Interactions of sub-five-nanometer diameter colloidal palladium nanoparticles in solution investigated via liquid cell transmission electron microscopy

Haifeng Wang; Xiaoqin Zhou; Yunhui Huang; Xin Chen; Chuanhong Jin

doi:10.1039/d0ra05759b

Interactions of sub-five-nanometer diameter colloidal palladium nanoparticles in solution investigated via liquid cell transmission electron microscopy

RSC Adv. 2020 Sep 21;10(57):34781-34787. doi: 10.1039/d0ra05759b. eCollection 2020 Sep 16.

Authors

Haifeng Wang^{1

2}, Xiaoqin Zhou^{2

3}, Yunhui Huang¹, Xin Chen³, Chuanhong Jin^{2

4}

Affiliations

¹ Institute of New Energy for Vehicles, School of Materials Science and Engineering, Tongji University Shanghai 201804 China huangyh@tongji.edu.cn.
² State Key Laboratory of Silicon Materials, School of Materials Science and Engineering, Zhejiang University Hangzhou Zhejiang 310027 China chhjin@zju.edu.cn.
³ Key Laboratory for Ultrafine Materials of Ministry of Education, Shanghai Key Laboratory of Advanced Polymeric Materials, School of Materials Science and Engineering, East China University of Science and Technology Shanghai 200237 P. R. China xinchen73@ecust.edu.cn.
⁴ Hunan Institute of Advanced Sensing and Information Technology, Xiangtan University Xiangtan Hunan 411105 China.

Abstract

Inter-particle interactions play important roles in controlling the structures, dispersion state and chemo-physical properties of colloidal nanoparticles (NPs) in liquid media.

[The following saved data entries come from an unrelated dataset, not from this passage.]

lemma signed_unit_rows_if_permutes_group:
  assumes "G = tetra_group \<or> G = octa_group"
    and "orthogonal_matrix P" "orthogonal_matrix Q" "(\<lambda>g. P ** g ** Q) ` G = G"
  shows "signed_unit_rows P" "signed_unit_rows (transpose Q)"
proof -
  have G: "tetra_group \<subseteq> G" "G \<subseteq> octa_group"
    using assms(1) tetra_group_subset_octa_group by auto
  have units: "signed_unit_rows h" if "h \<in> G" for h
    using G(2) that octa_group_signed_unit_rows by blast
  have one: "mat 1 \<in> G"
    using G(1) sign_diag_in_tetra_group[OF sign_diag_mat_1] by blast
  have "sign_entries P"
    using sign_entries_if_tetra_conjugates[OF assms(2)]
      conjugate_sign_entries[OF assms(3,4) one units] G(1)
    by blast
  then show rows_P: "signed_unit_rows P"
    by (rule orthogonal_sign_entries_imp_signed_unit_rows[OF assms(2)])
  have "mat 1 \<in> (\<lambda>g. P ** g ** Q) ` G"
    using one by (simp only: assms(4))
  then obtain g0 where g0: "mat 1 = P ** g0 ** Q" "g0 \<in> G"
    by (rule imageE)
  have "P ** g0 = (P ** g0 ** Q) ** transpose Q"
    using assms(3) by (simp add: matrix_mul_assoc[symmetric] orthogonal_matrix_def)
  then have "transpose Q = P ** g0"
    by (simp add: g0(1)[symmetric])
  then show "signed_unit_rows (transpose Q)"
    using signed_unit_rows_mult[OF rows_P units[OF g0(2)]] by simp
qed

lemma transpose_mult_e_mat_mult_signed_unit_rows:
  assumes "signed_unit_rows P" "signed_unit_rows M"
  shows "\<exists>s a b. s \<in> {1, -1} \<and> transpose P ** e_mat k l ** M = s *\<^sub>R e_mat a b"
proof -
  obtain a s where a: "s \<in> {-1, 1}" "P $ k = s *\<^sub>R axis a 1"
    using assms(1) unfolding signed_unit_rows_def by blast
  obtain b t where b: "t \<in> {-1, 1}" "M $ l = t *\<^sub>R axis b 1"
    using assms(2) unfolding signed_unit_rows_def by blast
  have "transpose P ** e_mat k l ** M = (s * t) *\<^sub>R e_mat a b"
    by (simp only: transpose_mult_e_mat_mult a(2) b(2) outer_scaleR_axis)
  moreover have "s * t \<in> {1, -1}"
    using a(1) b(1) by auto
  ultimately show ?thesis by blast
qed

lemma e_mat_frame_change:
  assumes "G = tetra_group \<or> G = octa_group"
    and "orthogonal_matrix A" "orthogonal_matrix B" "orthogonal_matrix C" "orthogonal_matrix D"
    and "(\<lambda>g. transpose A ** g ** B) ` G = (\<lambda>g. transpose C ** g ** D) ` G"
  shows "\<exists>s a b. s \<in> {1, -1} \<and>
           transpose C ** e_mat k l ** D = s *\<^sub>R (transpose A ** e_mat a b ** B)"
proof -
  define P Q where "P = C ** transpose A" and "Q = B ** transpose D"
  have "orthogonal_matrix P" "orthogonal_matrix Q"
    using assms(2-5) by (simp_all add: P_def Q_def orthogonal_matrix_mul)
  moreover have "(\<lambda>g. P ** g ** Q) ` G = G"
    unfolding P_def Q_def by (rule image_frame_change_self[OF assms(4-6)])
  ultimately obtain s a b where s: "s \<in> {1, -1}"
    and PQ: "transpose P ** e_mat k l ** transpose Q = s *\<^sub>R e_mat a b"
    using transpose_mult_e_mat_mult_signed_unit_rows signed_unit_rows_if_permutes_group[OF assms(1)]
    by metis
  have "transpose A ** transpose P = (transpose A ** A) ** transpose C"
    by (simp add: P_def matrix_transpose_mul matrix_mul_assoc)
  moreover have "transpose Q ** B = D ** (transpose B ** B)"
    by (simp add: Q_def matrix_transpose_mul matrix_mul_assoc)
  ultimately have AP: "transpose A ** transpose P = transpose C" and QB: "transpose Q ** B = D"
    using assms(2,3) by (simp_all add: orthogonal_matrix_def)
  have "transpose C ** e_mat k l ** D
      = (transpose A ** transpose P) ** e_mat k l ** (transpose Q ** B)"
    by (simp only: AP QB)
  also have "\<dots> = transpose A ** (transpose P ** e_mat k l ** transpose Q) ** B"
    by (simp add: matrix_mul_assoc)
  also have "\<dots> = s *\<^sub>R (transpose A ** e_mat a b ** B)"
    by (simp add: PQ matrix_scalar_ac scalar_matrix_assoc)
  finally show ?thesis
    using s by blast
qed

definition signed_frame :: "mat3 \<Rightarrow> mat3 \<Rightarrow> mat3 set" where
  "signed_frame A B = {s *\<^sub>R (transpose A ** e_mat k l ** B) | s k l. s \<in> {1, -1}}"

lemma signed_frame_subset:
  assumes "G = tetra_group \<or> G = octa_group"
    and "orthogonal_matrix A" "orthogonal_matrix B" "orthogonal_matrix C" "orthogonal_matrix D"
    and "(\<lambda>g. transpose A ** g ** B) ` G = (\<lambda>g. transpose C ** g ** D) ` G"
  shows "signed_frame C D \<subseteq> signed_frame A B"
proof
  fix x assume "x \<in> signed_frame C D"
  then obtain s k l where x: "s \<in> {1, -1}" "x = s *\<^sub>R (transpose C ** e_mat k l ** D)"
    unfolding signed_frame_def by blast
  obtain r a b where "r \<in> {1, -1}"
    and "transpose C ** e_mat k l ** D = r *\<^sub>R (transpose A ** e_mat a b ** B)"
    using e_mat_frame_change[OF assms] by blast
  with x have "s * r \<in> {1, -1}" "x = (s * r) *\<^sub>R (transpose A ** e_mat a b ** B)"
    by auto
  then show "x \<in> signed_frame A B"
    unfolding signed_frame_def by blast
qed

theorem proposition4:
  fixes G :: "mat3 set" and Rij Rji Ri Rj :: mat3
  assumes "G = tetra_group \<or> G = octa_group"
    and "Rij \<in> SO3" "Rji \<in> SO3" "Ri \<in> SO3" "Rj \<in> SO3"
    and "(\<lambda>g. transpose Rij ** g ** Rji) ` G = (\<lambda>g. transpose Ri ** g ** Rj) ` G"
  shows "{s *\<^sub>R (transpose Rij ** e_mat k l ** Rji) | s k l. s \<in> {1, -1}}
       = {s *\<^sub>R outer (Ri $ k) (Rj $ l) | s k l. s \<in> {1, -1}}"
proof -
  have orth: "orthogonal_matrix Rij" "orthogonal_matrix Rji"
    "orthogonal_matrix Ri" "orthogonal_matrix Rj"
    using assms(2-5) by (simp_all add: SO3_def)
  have "signed_frame Rij Rji = signed_frame Ri Rj"
    using signed_frame_subset[OF assms(1) orth assms(6)]
      signed_frame_subset[OF assms(1) orth(3,4,1,2) assms(6)[symmetric]] by blast
  then show ?thesis
    by (simp add: signed_frame_def transpose_mult_e_mat_mult)
qed
definition ground_space where
  "ground_space X deg dC Gc dG = {\<Psi> \<in> Hspace (cochains X deg Gc 0).
      \<forall>x\<in>X. A_vertex X deg dC Gc dG x \<Psi> = \<Psi> \<and> B_vertex X deg dC Gc dG x \<Psi> = \<Psi>}"

definition cocycles0 where
  "cocycles0 X deg dC Gc dG = {f \<in> cochains X deg Gc 0. coboundary X deg dC dG 0 f = (\<lambda>x. 0)}"

definition coboundaries0 where
  "coboundaries0 X deg dC Gc dG = coboundary X deg dC dG (-1) ` cochains X deg Gc (-1)"

text \<open>H^0(C,G) as the set of cosets f + im \<delta>^(-1), f \<in> ker \<delta>^0.\<close>
definition cohomology0 where
  "cohomology0 X deg dC Gc dG =
     (\<lambda>f. (\<lambda>t. (\<lambda>x. f x + t x)) ` coboundaries0 X deg dC Gc dG) ` cocycles0 X deg dC Gc dG"

end

theory Submission
  imports Defs "HOL-Library.FuncSet"
begin

(* A_0 |f> averages the translates |f + delta t> over all t, and every coboundary is hit
   equally often, so A_0 |f> is a nonzero multiple of the indicator of the coset
   f + im delta^(-1). Indicators of distinct cosets have disjoint supports: they are linearly
   independent, and A_0 |f> = A_0 |g> exactly when the cosets agree.

   B_x^0 multiplies |f> by the average of all characters of G_(n-1) at (delta^0 f)(x); since
   characters of a finite abelian group separate points, this average is 1 iff
   (delta^0 f)(x) = 0. So the B-conditions say that a ground state is supported on cocycles.
   A_x^0 averages over the translations by the coboundaries of the local cochains h x^*, so
   the A-conditions say that it is invariant under these, and they generate im delta^(-1).
   The ground states are therefore the functions on ker delta^0 that are constant on cosets
   of im delta^(-1), which is the span of the coset indicators. *)

section \<open>Integer multiples and finite subgroups\<close>

lemma sum_fun_apply: "(sum F A :: 'a \<Rightarrow> 'b::comm_monoid_add) x = (\<Sum>a\<in>A. F a x)"
  by (induct A rule: infinite_finite_induct) auto

lemma zsmult_0_left [simp]: "zsmult 0 a = 0"
  by (simp add: zsmult_def)

lemma zsmult_0_right [simp]: "zsmult k 0 = 0"
  by (simp add: zsmult_def)

lemma zsmult_1 [simp]: "zsmult 1 a = a"
  by (simp add: zsmult_def)

lemma zsmult_add_one: "zsmult (k + 1) a = zsmult k a + a"
proof (cases "0 \<le> k")
  case True
  then have "nat (k + 1) = Suc (nat k)" by simp
  with True show ?thesis by (simp add: zsmult_def add.commute)
next
  case False
  then have "nat (- k) = Suc (nat (- (k + 1)))" by simp
  with False show ?thesis
    by (cases "k = -1") (simp_all add: zsmult_def)
qed

lemma zsmult_diff_one: "zsmult (k - 1) a = zsmult k a - a"
  using zsmult_add_one[of "k - 1" a] by (simp add: algebra_simps)

lemma zsmult_add_left: "zsmult (k + l) a = zsmult k a + zsmult l a"
proof (induct l rule: int_induct[where k = 0])
  case (step1 i)
  then show ?case using zsmult_add_one[of "k + i" a] zsmult_add_one[of i a]
    by (simp add: algebra_simps)
next
  case (step2 i)
  have "zsmult (k + (i - 1)) a = zsmult (k + i) a - a"
    using zsmult_diff_one[of "k + i" a] by (simp add: add_diff_eq)
  with step2 show ?case by (simp add: zsmult_diff_one)
qed simp

lemma zsmult_minus_left: "zsmult (- k) a = - zsmult k a"
  using zsmult_add_left[of k "- k" a] by (simp add: eq_neg_iff_add_eq_0 add.commute)

lemma zsmult_diff_left: "zsmult (k - l) a = zsmult k a - zsmult l a"
  using zsmult_add_left[of k "- l" a] by (simp add: zsmult_minus_left)

lemma zsmult_add_right: "zsmult k (a + b) = zsmult k a + zsmult k b"
  by (induct k rule: int_induct[where k = 0])
    (simp_all add: zsmult_add_one zsmult_diff_one algebra_simps)

lemma zsmult_mult: "zsmult (k * l) a = zsmult k (zsmult l a)"
  by (induct k rule: int_induct[where k = 0])
    (simp_all add: distrib_right left_diff_distrib zsmult_add_left zsmult_diff_left
      zsmult_add_one zsmult_diff_one)

lemma zsmult_sum_right: "zsmult k (\<Sum>i\<in>A. f i) = (\<Sum>i\<in>A. zsmult k (f i))"
  by (induct A rule: infinite_finite_induct) (auto simp: zsmult_add_right)

lemma zsmult_sum_left: "zsmult (\<Sum>i\<in>A. f i) a = (\<Sum>i\<in>A. zsmult (f i) a)"
  by (induct A rule: infinite_finite_induct) (auto simp: zsmult_add_left)

lemma finite_subgroup_diff: "finite_subgroup S \<Longrightarrow> a \<in> S \<Longrightarrow> b \<in> S \<Longrightarrow> a - b \<in> S"
  unfolding finite_subgroup_def by (metis diff_conv_add_uminus)

lemma finite_subgroup_sum:
  "finite_subgroup S \<Longrightarrow> (\<And>i. i \<in> A \<Longrightarrow> f i \<in> S) \<Longrightarrow> (\<Sum>i\<in>A. f i) \<in> S"
  unfolding finite_subgroup_def by (induct A rule: infinite_finite_induct) auto

lemma finite_subgroup_zsmult: "finite_subgroup S \<Longrightarrow> a \<in> S \<Longrightarrow> zsmult k a \<in> S"
  by (induct k rule: int_induct[where k = 0])
    (auto simp: zsmult_add_one zsmult_diff_one finite_subgroup_diff finite_subgroup_def)

lemma finite_subgroup_torsion:
  assumes S: "finite_subgroup S" and g: "g \<in> S"
  shows "\<exists>k::nat. 0 < k \<and> k \<le> card S \<and> zsmult (int k) g = 0"
proof -
  have "\<not> inj_on (\<lambda>n::nat. zsmult (int n) g) {..card S}"
  proof
    assume "inj_on (\<lambda>n::nat. zsmult (int n) g) {..card S}"
    then have "card {..card S} \<le> card S"
      using S g by (intro card_inj_on_le) (auto simp: finite_subgroup_zsmult finite_subgroup_def)
    then show False by simp
  qed
  then obtain i j where ij: "i < j" "j \<le> card S" "zsmult (int i) g = zsmult (int j) g"
    unfolding inj_on_def by (metis atMost_iff linorder_neqE_nat)
  then have "zsmult (int (j - i)) g = 0"
    by (simp add: zsmult_diff_left)
  with ij show ?thesis by (intro exI[of _ "j - i"]) auto
qed

lemma additive_on_zero:
  fixes \<phi> :: "'a::ab_group_add \<Rightarrow> 'b::ab_group_add"
  assumes "finite_subgroup S" and "\<And>x y. x \<in> S \<Longrightarrow> y \<in> S \<Longrightarrow> \<phi> (x + y) = \<phi> x + \<phi> y"
  shows "\<phi> 0 = 0"
proof -
  have "0 \<in> S" using assms(1) by (simp add: finite_subgroup_def)
  then have "\<phi> (0 + 0) = \<phi> 0 + \<phi> 0" by (intro assms(2))
  then show ?thesis by simp
qed

lemma additive_on_zsmult:
  fixes \<phi> :: "'a::ab_group_add \<Rightarrow> 'b::ab_group_add"
  assumes S: "finite_subgroup S" and a: "a \<in> S"
    and add: "\<And>x y. x \<in> S \<Longrightarrow> y \<in> S \<Longrightarrow> \<phi> (x + y) = \<phi> x + \<phi> y"
  shows "\<phi> (zsmult k a) = zsmult k (\<phi> a)"
proof (induct k rule: int_induct[where k = 0])
  case base
  show ?case using additive_on_zero[of S \<phi>] S add by simp
next
  case (step1 i)
  then show ?case
    by (simp only: zsmult_add_one add[OF finite_subgroup_zsmult[OF S a] a])
next
  case (step2 i)
  have "\<phi> (zsmult (i - 1) a + a) = \<phi> (zsmult (i - 1) a) + \<phi> a"
    using S a by (intro add finite_subgroup_zsmult)
  with step2 show ?case by (simp add: zsmult_diff_one eq_diff_eq)
qed

lemma additive_on_sum:
  fixes \<phi> :: "'a::ab_group_add \<Rightarrow> 'b::ab_group_add"
  assumes S: "finite_subgroup S" and f: "\<And>i. i \<in> A \<Longrightarrow> f i \<in> S"
    and add: "\<And>x y. x \<in> S \<Longrightarrow> y \<in> S \<Longrightarrow> \<phi> (x + y) = \<phi> x + \<phi> y"
  shows "\<phi> (\<Sum>i\<in>A. f i) = (\<Sum>i\<in>A. \<phi> (f i))"
  using f
proof (induct A rule: infinite_finite_induct)
  case (insert x F)
  then have "\<phi> (f x + (\<Sum>i\<in>F. f i)) = \<phi> (f x) + \<phi> (\<Sum>i\<in>F. f i)"
    by (intro add finite_subgroup_sum[OF S]) auto
  with insert show ?case by simp
qed (use additive_on_zero[of S \<phi>] S add in simp_all)

section \<open>Characters of finite abelian groups\<close>

definition character_on :: "'g::ab_group_add set \<Rightarrow> ('g \<Rightarrow> complex) \<Rightarrow> bool" where
  "character_on H r \<longleftrightarrow> (\<forall>a\<in>H. \<forall>b\<in>H. r (a + b) = r a * r b) \<and> (\<forall>a\<in>H. cmod (r a) = 1)"

lemma characters_iff: "r \<in> characters S \<longleftrightarrow> character_on S r \<and> (\<forall>a. a \<notin> S \<longrightarrow> r a = 1)"
  by (auto simp: characters_def character_on_def)

lemma character_on_zero:
  assumes "finite_subgroup H" and "character_on H r"
  shows "r 0 = 1"
proof -
  have "r (0 + 0) = r 0 * r 0" "cmod (r 0) = 1"
    using assms by (auto simp: character_on_def finite_subgroup_def)
  then show ?thesis by (metis add_0 mult_cancel_left1 norm_zero zero_neq_one)
qed

lemma character_on_uminus:
  assumes H: "finite_subgroup H" and r: "character_on H r" and a: "a \<in> H"
  shows "r (- a) = inverse (r a)"
proof -
  have "- a \<in> H" using H a by (simp add: finite_subgroup_def)
  then have "r a * r (- a) = 1"
    using r a character_on_zero[OF H r] by (metis character_on_def add.right_inverse)
  then show ?thesis by (rule inverse_unique[symmetric])
qed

In this work, we prepared palladium (Pd) NPs with an average diameter of ∼4.6 nm in situ inside the liquid cell, and investigated their coupled diffusion and aggregation behaviors through liquid cell transmission electron microscopy (LCTEM). Via analyzing the interaction energies and forces, we derived the effective working range for repulsive double layer interaction experimentally, a value larger than two times the Debye length, suggesting a different interaction behavior of sub-5 nm NPs from that of colloidal NPs in larger sizes. Our results provide insights for the interactions between colloidal ultrafine nanoparticles in solution and will also shed light on the precisely controlled assembly of colloidal nanocrystals for practical applications.